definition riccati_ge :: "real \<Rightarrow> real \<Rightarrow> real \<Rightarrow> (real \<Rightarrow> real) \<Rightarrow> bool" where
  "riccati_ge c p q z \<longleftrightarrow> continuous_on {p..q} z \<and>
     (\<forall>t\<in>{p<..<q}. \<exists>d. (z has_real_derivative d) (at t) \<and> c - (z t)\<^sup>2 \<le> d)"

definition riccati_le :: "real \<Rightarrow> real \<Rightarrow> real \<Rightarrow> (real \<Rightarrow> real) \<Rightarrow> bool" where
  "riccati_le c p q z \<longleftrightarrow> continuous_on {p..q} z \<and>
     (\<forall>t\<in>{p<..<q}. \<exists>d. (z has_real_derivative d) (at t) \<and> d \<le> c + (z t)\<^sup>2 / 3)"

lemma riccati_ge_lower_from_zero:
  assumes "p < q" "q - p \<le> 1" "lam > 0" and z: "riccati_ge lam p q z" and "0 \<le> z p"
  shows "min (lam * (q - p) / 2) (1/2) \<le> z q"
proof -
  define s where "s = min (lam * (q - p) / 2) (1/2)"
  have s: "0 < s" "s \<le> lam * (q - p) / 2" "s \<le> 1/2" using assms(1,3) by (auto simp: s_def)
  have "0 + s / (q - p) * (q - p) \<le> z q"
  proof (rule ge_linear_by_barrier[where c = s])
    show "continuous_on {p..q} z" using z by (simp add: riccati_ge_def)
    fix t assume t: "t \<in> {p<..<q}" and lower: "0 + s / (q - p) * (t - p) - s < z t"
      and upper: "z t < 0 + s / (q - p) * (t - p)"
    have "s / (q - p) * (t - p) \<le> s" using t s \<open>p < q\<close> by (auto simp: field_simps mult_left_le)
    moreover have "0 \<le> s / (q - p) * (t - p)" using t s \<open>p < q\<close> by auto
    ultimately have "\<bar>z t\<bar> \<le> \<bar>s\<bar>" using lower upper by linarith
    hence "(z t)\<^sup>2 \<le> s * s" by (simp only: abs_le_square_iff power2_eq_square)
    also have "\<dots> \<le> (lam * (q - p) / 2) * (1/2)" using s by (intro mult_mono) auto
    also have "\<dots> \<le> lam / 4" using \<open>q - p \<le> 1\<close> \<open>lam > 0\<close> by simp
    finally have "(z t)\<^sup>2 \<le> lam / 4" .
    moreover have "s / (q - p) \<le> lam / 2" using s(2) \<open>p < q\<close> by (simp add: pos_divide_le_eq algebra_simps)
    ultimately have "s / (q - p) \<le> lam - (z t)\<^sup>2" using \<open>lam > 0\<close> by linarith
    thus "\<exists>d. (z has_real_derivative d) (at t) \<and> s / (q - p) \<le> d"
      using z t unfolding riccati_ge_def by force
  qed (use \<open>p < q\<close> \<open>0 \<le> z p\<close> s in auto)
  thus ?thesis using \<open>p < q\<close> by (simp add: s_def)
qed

▬▬▬

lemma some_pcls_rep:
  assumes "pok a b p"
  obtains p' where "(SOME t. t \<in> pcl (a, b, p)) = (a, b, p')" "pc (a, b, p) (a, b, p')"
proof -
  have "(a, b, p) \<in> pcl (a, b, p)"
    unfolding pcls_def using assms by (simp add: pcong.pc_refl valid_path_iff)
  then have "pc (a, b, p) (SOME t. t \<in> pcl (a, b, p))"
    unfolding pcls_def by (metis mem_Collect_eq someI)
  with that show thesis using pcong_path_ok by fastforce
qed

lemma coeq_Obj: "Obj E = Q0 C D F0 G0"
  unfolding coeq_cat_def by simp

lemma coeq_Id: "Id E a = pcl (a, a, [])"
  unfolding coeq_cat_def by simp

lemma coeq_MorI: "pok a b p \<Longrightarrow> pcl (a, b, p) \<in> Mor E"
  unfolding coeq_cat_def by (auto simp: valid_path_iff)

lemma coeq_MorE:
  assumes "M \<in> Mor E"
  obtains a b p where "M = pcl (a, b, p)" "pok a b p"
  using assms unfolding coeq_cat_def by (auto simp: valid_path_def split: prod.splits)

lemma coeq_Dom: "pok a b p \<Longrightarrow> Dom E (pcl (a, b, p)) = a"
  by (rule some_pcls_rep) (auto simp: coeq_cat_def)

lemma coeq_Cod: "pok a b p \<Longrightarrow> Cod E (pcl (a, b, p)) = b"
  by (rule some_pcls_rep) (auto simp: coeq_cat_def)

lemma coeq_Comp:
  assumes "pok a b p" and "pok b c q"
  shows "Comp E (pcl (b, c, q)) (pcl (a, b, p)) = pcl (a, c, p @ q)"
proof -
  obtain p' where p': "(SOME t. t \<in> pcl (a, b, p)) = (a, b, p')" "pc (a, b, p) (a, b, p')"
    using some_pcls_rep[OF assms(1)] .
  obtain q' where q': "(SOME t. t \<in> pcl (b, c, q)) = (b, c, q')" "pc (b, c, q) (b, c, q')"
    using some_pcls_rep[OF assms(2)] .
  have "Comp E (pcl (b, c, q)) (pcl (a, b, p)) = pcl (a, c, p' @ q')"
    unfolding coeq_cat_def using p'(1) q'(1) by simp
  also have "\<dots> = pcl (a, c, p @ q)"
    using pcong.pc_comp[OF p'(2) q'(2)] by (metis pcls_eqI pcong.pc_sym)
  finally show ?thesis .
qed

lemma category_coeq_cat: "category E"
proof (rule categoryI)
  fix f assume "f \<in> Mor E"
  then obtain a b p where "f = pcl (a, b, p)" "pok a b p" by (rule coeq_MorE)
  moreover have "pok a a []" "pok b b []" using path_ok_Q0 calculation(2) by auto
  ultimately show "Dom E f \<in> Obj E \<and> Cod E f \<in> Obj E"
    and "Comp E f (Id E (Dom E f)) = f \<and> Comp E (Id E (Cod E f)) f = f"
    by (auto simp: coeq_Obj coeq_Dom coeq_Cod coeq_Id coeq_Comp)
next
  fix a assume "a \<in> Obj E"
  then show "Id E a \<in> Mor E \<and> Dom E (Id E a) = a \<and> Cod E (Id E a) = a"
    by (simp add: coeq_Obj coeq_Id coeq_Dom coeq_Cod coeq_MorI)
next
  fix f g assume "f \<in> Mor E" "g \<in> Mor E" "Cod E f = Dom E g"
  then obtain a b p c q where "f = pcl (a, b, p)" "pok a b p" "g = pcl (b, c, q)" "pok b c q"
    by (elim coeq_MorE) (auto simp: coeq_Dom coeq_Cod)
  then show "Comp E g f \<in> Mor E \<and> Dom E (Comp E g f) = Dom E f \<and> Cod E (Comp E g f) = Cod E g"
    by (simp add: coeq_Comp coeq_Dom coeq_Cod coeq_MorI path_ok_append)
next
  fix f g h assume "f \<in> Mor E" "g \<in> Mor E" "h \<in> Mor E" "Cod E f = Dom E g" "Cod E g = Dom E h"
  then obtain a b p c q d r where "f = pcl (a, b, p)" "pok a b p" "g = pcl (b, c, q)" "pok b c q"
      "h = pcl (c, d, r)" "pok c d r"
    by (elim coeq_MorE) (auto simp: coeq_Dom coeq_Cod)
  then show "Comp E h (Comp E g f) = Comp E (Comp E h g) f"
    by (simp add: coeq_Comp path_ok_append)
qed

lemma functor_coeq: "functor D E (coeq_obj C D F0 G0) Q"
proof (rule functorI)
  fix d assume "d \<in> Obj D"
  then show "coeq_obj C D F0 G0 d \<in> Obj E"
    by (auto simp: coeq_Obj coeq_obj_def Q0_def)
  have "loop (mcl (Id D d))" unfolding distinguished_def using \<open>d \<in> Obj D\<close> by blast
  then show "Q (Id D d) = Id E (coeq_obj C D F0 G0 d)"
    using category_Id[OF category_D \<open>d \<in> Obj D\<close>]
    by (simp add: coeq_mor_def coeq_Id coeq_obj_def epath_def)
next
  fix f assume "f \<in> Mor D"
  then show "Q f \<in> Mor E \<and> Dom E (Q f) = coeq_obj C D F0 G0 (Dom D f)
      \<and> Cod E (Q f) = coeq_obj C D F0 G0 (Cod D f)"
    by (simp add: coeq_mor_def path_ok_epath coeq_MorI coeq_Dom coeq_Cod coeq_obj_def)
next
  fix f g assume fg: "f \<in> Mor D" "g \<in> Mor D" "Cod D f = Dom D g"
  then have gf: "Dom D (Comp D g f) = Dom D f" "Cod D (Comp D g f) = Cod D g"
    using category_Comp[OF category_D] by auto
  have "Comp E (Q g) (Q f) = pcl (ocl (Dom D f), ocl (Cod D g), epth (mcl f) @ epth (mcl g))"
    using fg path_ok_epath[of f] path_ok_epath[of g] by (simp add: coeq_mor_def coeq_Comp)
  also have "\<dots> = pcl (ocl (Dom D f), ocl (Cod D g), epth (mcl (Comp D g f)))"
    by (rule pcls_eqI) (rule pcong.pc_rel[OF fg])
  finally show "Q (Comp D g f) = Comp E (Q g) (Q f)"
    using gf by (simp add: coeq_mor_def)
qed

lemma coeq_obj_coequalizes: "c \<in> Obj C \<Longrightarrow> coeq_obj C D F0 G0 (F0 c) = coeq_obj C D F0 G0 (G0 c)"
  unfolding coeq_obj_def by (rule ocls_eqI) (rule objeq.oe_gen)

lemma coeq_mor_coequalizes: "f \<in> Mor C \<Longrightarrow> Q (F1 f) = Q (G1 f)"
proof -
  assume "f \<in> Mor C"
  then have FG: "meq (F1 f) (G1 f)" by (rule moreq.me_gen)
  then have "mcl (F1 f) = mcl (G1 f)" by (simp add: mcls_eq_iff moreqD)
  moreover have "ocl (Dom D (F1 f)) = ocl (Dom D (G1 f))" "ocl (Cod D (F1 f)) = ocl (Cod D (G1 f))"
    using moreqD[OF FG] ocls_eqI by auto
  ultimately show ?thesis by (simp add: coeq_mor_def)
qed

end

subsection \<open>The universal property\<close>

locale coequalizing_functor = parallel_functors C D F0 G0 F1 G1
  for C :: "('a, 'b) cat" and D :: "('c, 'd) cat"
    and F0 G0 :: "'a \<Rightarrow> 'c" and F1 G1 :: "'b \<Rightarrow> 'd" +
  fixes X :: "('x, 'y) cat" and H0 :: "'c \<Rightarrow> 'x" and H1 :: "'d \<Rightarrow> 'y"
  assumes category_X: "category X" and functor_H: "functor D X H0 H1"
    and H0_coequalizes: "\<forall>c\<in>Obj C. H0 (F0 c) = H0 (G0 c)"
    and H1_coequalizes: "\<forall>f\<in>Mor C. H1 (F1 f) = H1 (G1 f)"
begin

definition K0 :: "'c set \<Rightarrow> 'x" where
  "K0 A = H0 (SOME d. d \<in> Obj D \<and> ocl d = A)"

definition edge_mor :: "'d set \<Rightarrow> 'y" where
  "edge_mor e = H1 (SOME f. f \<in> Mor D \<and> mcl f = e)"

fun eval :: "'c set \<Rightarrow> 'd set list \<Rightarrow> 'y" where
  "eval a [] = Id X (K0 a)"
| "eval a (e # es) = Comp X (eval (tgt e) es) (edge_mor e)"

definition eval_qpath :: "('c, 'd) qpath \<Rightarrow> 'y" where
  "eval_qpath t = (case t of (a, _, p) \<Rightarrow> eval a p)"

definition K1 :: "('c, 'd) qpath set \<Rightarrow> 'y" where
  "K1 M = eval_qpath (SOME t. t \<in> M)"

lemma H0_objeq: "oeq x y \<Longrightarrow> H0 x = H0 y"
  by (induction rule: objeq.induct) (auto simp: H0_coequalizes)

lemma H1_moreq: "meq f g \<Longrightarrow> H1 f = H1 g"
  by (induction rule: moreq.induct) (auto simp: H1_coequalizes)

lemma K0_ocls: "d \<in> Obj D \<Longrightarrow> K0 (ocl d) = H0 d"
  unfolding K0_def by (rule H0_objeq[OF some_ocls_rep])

▬▬▬

*Exercise brief*.
Among the records above, only the lines between the line holding "Mor C \<Longrightarrow>" and the line holding "locale coequalizing_functor = parallel_functors", inclusive, are to be output, exactly as written.

*Worked solution*.
lemma coeq_mor_coequalizes: "f \<in> Mor C \<Longrightarrow> Q (F1 f) = Q (G1 f)"
proof -
  assume "f \<in> Mor C"
  then have FG: "meq (F1 f) (G1 f)" by (rule moreq.me_gen)
  then have "mcl (F1 f) = mcl (G1 f)" by (simp add: mcls_eq_iff moreqD)
  moreover have "ocl (Dom D (F1 f)) = ocl (Dom D (G1 f))" "ocl (Cod D (F1 f)) = ocl (Cod D (G1 f))"
    using moreqD[OF FG] ocls_eqI by auto
  ultimately show ?thesis by (simp add: coeq_mor_def)
qed

end

subsection \<open>The universal property\<close>

locale coequalizing_functor = parallel_functors C D F0 G0 F1 G1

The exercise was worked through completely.